definition patient_prefix :: "'a list \<Rightarrow> (nat \<Rightarrow> bool) \<Rightarrow> (nat \<Rightarrow> 'a list) \<Rightarrow> nat \<Rightarrow> 'a list" where
  "patient_prefix gam g D n =
     D 0 @ concat (map (\<lambda>i. (if g i then [gam ! (i - 1)] else []) @ D i) [1..<n + 1])"

lemma patient_prefix_0 [simp]: "patient_prefix gam g D 0 = D 0"
  by (simp add: patient_prefix_def)

lemma patient_prefix_Suc [simp]:
  "patient_prefix gam g D (Suc n) =
     patient_prefix gam g D n @ (if g (Suc n) then [gam ! n] else []) @ D (Suc n)"
  by (simp add: patient_prefix_def)

lemma patient_seq_eq_patient_prefix: "patient_seq gam g D = patient_prefix gam g D (length gam)"
  by (simp add: patient_seq_def patient_prefix_def)

lemma walk_cost_patient_prefix:
  assumes gaps: "\<And>i. 1 \<le> i \<Longrightarrow> i \<le> n \<Longrightarrow> \<not> g i \<Longrightarrow> D i = []" and "n \<le> length gam"
  shows "walk_cost c (Start # act_nodes (patient_prefix gam g D n) @ [y]) =
    (\<Sum>j = 1..n. if g j then Ecost c gam D (last_present g (j - 1), j)
                               + c (Snode (gam ! (j - 1)), Enode (gam ! (j - 1))) else 0)
    + walk_cost c (gam_e gam (last_present g n) # act_nodes (D (last_present g n)) @ [y])"
  using assms
proof (induction n arbitrary: y)
  case 0
  then show ?case
    by (simp add: gam_e_def)
next
  case (Suc n)
  let ?p = "last_present g n" and ?v = "gam ! n"
  let ?S = "\<lambda>n. \<Sum>j = 1..n. if g j then Ecost c gam D (last_present g (j - 1), j)
                               + c (Snode (gam ! (j - 1)), Enode (gam ! (j - 1))) else 0"
  have IH: "walk_cost c (Start # act_nodes (patient_prefix gam g D n) @ [z]) =
      ?S n + walk_cost c (gam_e gam ?p # act_nodes (D ?p) @ [z])" for z
    using Suc by simp
  show ?case
  proof (cases "g (Suc n)")
    case True
    have "walk_cost c (Start # act_nodes (patient_prefix gam g D (Suc n)) @ [y]) =
        walk_cost c (Start # act_nodes (patient_prefix gam g D n) @ [Snode ?v])
        + c (Snode ?v, Enode ?v) + walk_cost c (Enode ?v # act_nodes (D (Suc n)) @ [y])"
      using True walk_cost_split[of c "Start # act_nodes (patient_prefix gam g D n)" "Snode ?v"
        "Enode ?v # act_nodes (D (Suc n)) @ [y]"]
      by simp
    moreover have "walk_cost c (gam_e gam ?p # act_nodes (D ?p) @ [Snode ?v]) = Ecost c gam D (?p, Suc n)"
      using Suc.prems(2) by (simp add: Ecost_eq_walk_cost gam_s_def)
    ultimately show ?thesis
      using True by (simp add: IH gam_e_def)
  next
    case False
    then show ?thesis
      using Suc.prems IH by simp
  qed
qed

lemma walk_cost_reference_prefix:
  assumes "n \<le> length gam"
  shows "walk_cost c (Start # act_nodes (take n gam) @ [y]) =
    (\<Sum>j = 1..n. if g j then Fcost c gam (last_present g (j - 1), j)
                               + c (Snode (gam ! (j - 1)), Enode (gam ! (j - 1))) else 0)
    + walk_cost c (gam_e gam (last_present g n)
        # act_nodes (map (\<lambda>m. gam ! (m - 1)) [last_present g n + 1..<n + 1]) @ [y])"
  using assms
proof (induction n arbitrary: y)
  case 0
  then show ?case
    by (simp add: gam_e_def)
next
  case (Suc n)
  let ?p = "last_present g n" and ?v = "gam ! n"
  let ?R = "\<lambda>n. map (\<lambda>m. gam ! (m - 1)) [last_present g n + 1..<n + 1]"
  let ?S = "\<lambda>n. \<Sum>j = 1..n. if g j then Fcost c gam (last_present g (j - 1), j)
                               + c (Snode (gam ! (j - 1)), Enode (gam ! (j - 1))) else 0"
  have IH: "walk_cost c (Start # act_nodes (take n gam) @ [Snode ?v]) =
      ?S n + walk_cost c (gam_e gam ?p # act_nodes (?R n) @ [Snode ?v])"
    using Suc by simp
  have split: "walk_cost c (Start # act_nodes (take (Suc n) gam) @ [y]) =
      walk_cost c (Start # act_nodes (take n gam) @ [Snode ?v]) + c (Snode ?v, Enode ?v) + c (Enode ?v, y)"
    using Suc.prems walk_cost_split[of c "Start # act_nodes (take n gam)" "Snode ?v" "[Enode ?v, y]"]
    by (simp add: take_Suc_conv_app_nth)
  have "?p \<le> n"
    by (rule last_present_le)
  show ?case
  proof (cases "g (Suc n)")
    case True
    have "walk_cost c (gam_e gam ?p # act_nodes (?R n) @ [Snode ?v]) = Fcost c gam (?p, Suc n)"
      using Suc.prems \<open>?p \<le> n\<close> by (simp add: Fcost_eq_walk_cost gam_s_def)
    with True show ?thesis
      by (simp add: split IH gam_e_def)
  next
    case False
    then have "?R (Suc n) = ?R n @ [?v]"
      using \<open>?p \<le> n\<close> by simp
    with False show ?thesis
      using walk_cost_split[of c "gam_e gam ?p # act_nodes (?R n)" "Snode ?v" "[Enode ?v, y]"]
      by (simp add: split IH)
  qed
qed

lemma walk_cost_patient_walk:
  assumes gaps: "\<And>i. 1 \<le> i \<Longrightarrow> i \<le> length gam \<Longrightarrow> \<not> g i \<Longrightarrow> D i = []"
  shows "walk_cost c (seq_walk (patient_seq gam g D)) =
    (\<Sum>j = 1..length gam. if g j then Ecost c gam D (last_present g (j - 1), j)
                               + c (Snode (gam ! (j - 1)), Enode (gam ! (j - 1))) else 0)
    + Ecost c gam D (last_present g (length gam), length gam + 1)"
  using walk_cost_patient_prefix[of "length gam" g D gam c End, OF gaps]
  by (simp add: seq_walk_def patient_seq_eq_patient_prefix Ecost_eq_walk_cost gam_s_def)

lemma walk_cost_reference_walk:
  "walk_cost c (seq_walk gam) =
    (\<Sum>j = 1..length gam. if g j then Fcost c gam (last_present g (j - 1), j)
                               + c (Snode (gam ! (j - 1)), Enode (gam ! (j - 1))) else 0)
    + Fcost c gam (last_present g (length gam), length gam + 1)"
  using walk_cost_reference_prefix[of "length gam" gam c End g]
    last_present_le[of g "length gam"]
  by (simp add: seq_walk_def Fcost_eq_walk_cost gam_s_def)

> **Exercise brief**
List every line above containing the word "open".

> **Finished exercise**
      using Suc.prems \<open>?p \<le> n\<close> by (simp add: Fcost_eq_walk_cost gam_s_def)
      using \<open>?p \<le> n\<close> by simp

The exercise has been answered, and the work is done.